## Prompt:
Keeping each line exactly as it is, output all of the records.

## Records supplied:
--------------------------------

theorem theorem3:
  fixes PX :: "nat \<Rightarrow> 'a pmf" and PY :: "nat \<Rightarrow> 'b pmf"
  assumes "(INF \<epsilon>\<in>{0<..<1::real}.
             liminf (\<lambda>n. INF \<delta>\<in>{0..<1 - \<epsilon>}.
                 ereal (cfun (PX n) (\<delta> + \<epsilon>) - cfun (PY n) \<delta>))) \<ge> 0"
  shows "\<exists>PXY :: nat \<Rightarrow> ('a \<times> 'b) pmf.
           (\<forall>n. map_pmf fst (PXY n) = PX n \<and> map_pmf snd (PXY n) = PY n) \<and>
           (\<forall>\<gamma>>0. (\<lambda>n. measure_pmf.prob (PXY n)
                {(x, y). (1 / real n) * ln (1 / pmf (PX n) x)
                         - (1 / real n) * ln (1 / pmf (PY n) y) < - \<gamma>})
                \<longlonglongrightarrow> 0)"
proof -
  define gap_ok where
    "gap_ok \<epsilon> n \<longleftrightarrow> (\<forall>\<delta>\<in>{0..<1 - \<epsilon>}. -1 \<le> cfun (PX n) (\<delta> + \<epsilon>) - cfun (PY n) \<delta>)" for \<epsilon> n
  let ?bad = "\<lambda>n J. measure_pmf.prob J {(x, y). ln (1 / pmf (PX n) x) - ln (1 / pmf (PY n) y) < -1}"
  have "eventually (gap_ok \<epsilon>) sequentially" if "0 < \<epsilon>" "\<epsilon> < 1" for \<epsilon> :: real
    using eventually_gap_bounded[OF assms that] unfolding gap_ok_def by simp
  then obtain e where e: "\<And>n. 0 < e n \<and> e n < 1" and e_lim: "e \<longlonglongrightarrow> 0"
    and gap: "eventually (\<lambda>n. gap_ok (e n) n) sequentially"
    using vanishing_parameter[of gap_ok] by blast
  have "\<exists>J. \<forall>n. (map_pmf fst (J n) = PX n \<and> map_pmf snd (J n) = PY n) \<and>
      (gap_ok (e n) n \<longrightarrow> ?bad n (J n) \<le> e n)"
    using shifted_quantile_coupling e unfolding gap_ok_def by (intro choice allI) blast
  then obtain J where J_marg: "\<forall>n. map_pmf fst (J n) = PX n \<and> map_pmf snd (J n) = PY n"
    and J_bad: "\<And>n. gap_ok (e n) n \<Longrightarrow> ?bad n (J n) \<le> e n"
    by blast
  have "eventually (\<lambda>n. ?bad n (J n) \<le> e n) sequentially"
    using gap by (rule eventually_mono) (rule J_bad)
  then have "(\<lambda>n. measure_pmf.prob (J n) {(x, y). (1 / real n) * ln (1 / pmf (PX n) x)
                  - (1 / real n) * ln (1 / pmf (PY n) y) < - \<gamma>}) \<longlonglongrightarrow> 0" if "\<gamma> > 0" for \<gamma>
    using normalized_event_vanishes[OF e_lim _ that, where f="\<lambda>n x. ln (1 / pmf (PX n) x)"
        and g="\<lambda>n y. ln (1 / pmf (PY n) y)"] by simp
  then show ?thesis using J_marg by blast
qed

end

--------------------------------

## Written answer:
theorem theorem3:
  fixes PX :: "nat \<Rightarrow> 'a pmf" and PY :: "nat \<Rightarrow> 'b pmf"
  assumes "(INF \<epsilon>\<in>{0<..<1::real}.
             liminf (\<lambda>n. INF \<delta>\<in>{0..<1 - \<epsilon>}.
                 ereal (cfun (PX n) (\<delta> + \<epsilon>) - cfun (PY n) \<delta>))) \<ge> 0"
  shows "\<exists>PXY :: nat \<Rightarrow> ('a \<times> 'b) pmf.
           (\<forall>n. map_pmf fst (PXY n) = PX n \<and> map_pmf snd (PXY n) = PY n) \<and>
           (\<forall>\<gamma>>0. (\<lambda>n. measure_pmf.prob (PXY n)
                {(x, y). (1 / real n) * ln (1 / pmf (PX n) x)
                         - (1 / real n) * ln (1 / pmf (PY n) y) < - \<gamma>})
                \<longlonglongrightarrow> 0)"
proof -
  define gap_ok where
    "gap_ok \<epsilon> n \<longleftrightarrow> (\<forall>\<delta>\<in>{0..<1 - \<epsilon>}. -1 \<le> cfun (PX n) (\<delta> + \<epsilon>) - cfun (PY n) \<delta>)" for \<epsilon> n
  let ?bad = "\<lambda>n J. measure_pmf.prob J {(x, y). ln (1 / pmf (PX n) x) - ln (1 / pmf (PY n) y) < -1}"
  have "eventually (gap_ok \<epsilon>) sequentially" if "0 < \<epsilon>" "\<epsilon> < 1" for \<epsilon> :: real
    using eventually_gap_bounded[OF assms that] unfolding gap_ok_def by simp
  then obtain e where e: "\<And>n. 0 < e n \<and> e n < 1" and e_lim: "e \<longlonglongrightarrow> 0"
    and gap: "eventually (\<lambda>n. gap_ok (e n) n) sequentially"
    using vanishing_parameter[of gap_ok] by blast
  have "\<exists>J. \<forall>n. (map_pmf fst (J n) = PX n \<and> map_pmf snd (J n) = PY n) \<and>
      (gap_ok (e n) n \<longrightarrow> ?bad n (J n) \<le> e n)"
    using shifted_quantile_coupling e unfolding gap_ok_def by (intro choice allI) blast
  then obtain J where J_marg: "\<forall>n. map_pmf fst (J n) = PX n \<and> map_pmf snd (J n) = PY n"
    and J_bad: "\<And>n. gap_ok (e n) n \<Longrightarrow> ?bad n (J n) \<le> e n"
    by blast
  have "eventually (\<lambda>n. ?bad n (J n) \<le> e n) sequentially"
    using gap by (rule eventually_mono) (rule J_bad)
  then have "(\<lambda>n. measure_pmf.prob (J n) {(x, y). (1 / real n) * ln (1 / pmf (PX n) x)
                  - (1 / real n) * ln (1 / pmf (PY n) y) < - \<gamma>}) \<longlonglongrightarrow> 0" if "\<gamma> > 0" for \<gamma>
    using normalized_event_vanishes[OF e_lim _ that, where f="\<lambda>n x. ln (1 / pmf (PX n) x)"
        and g="\<lambda>n y. ln (1 / pmf (PY n) y)"] by simp
  then show ?thesis using J_marg by blast
qed

end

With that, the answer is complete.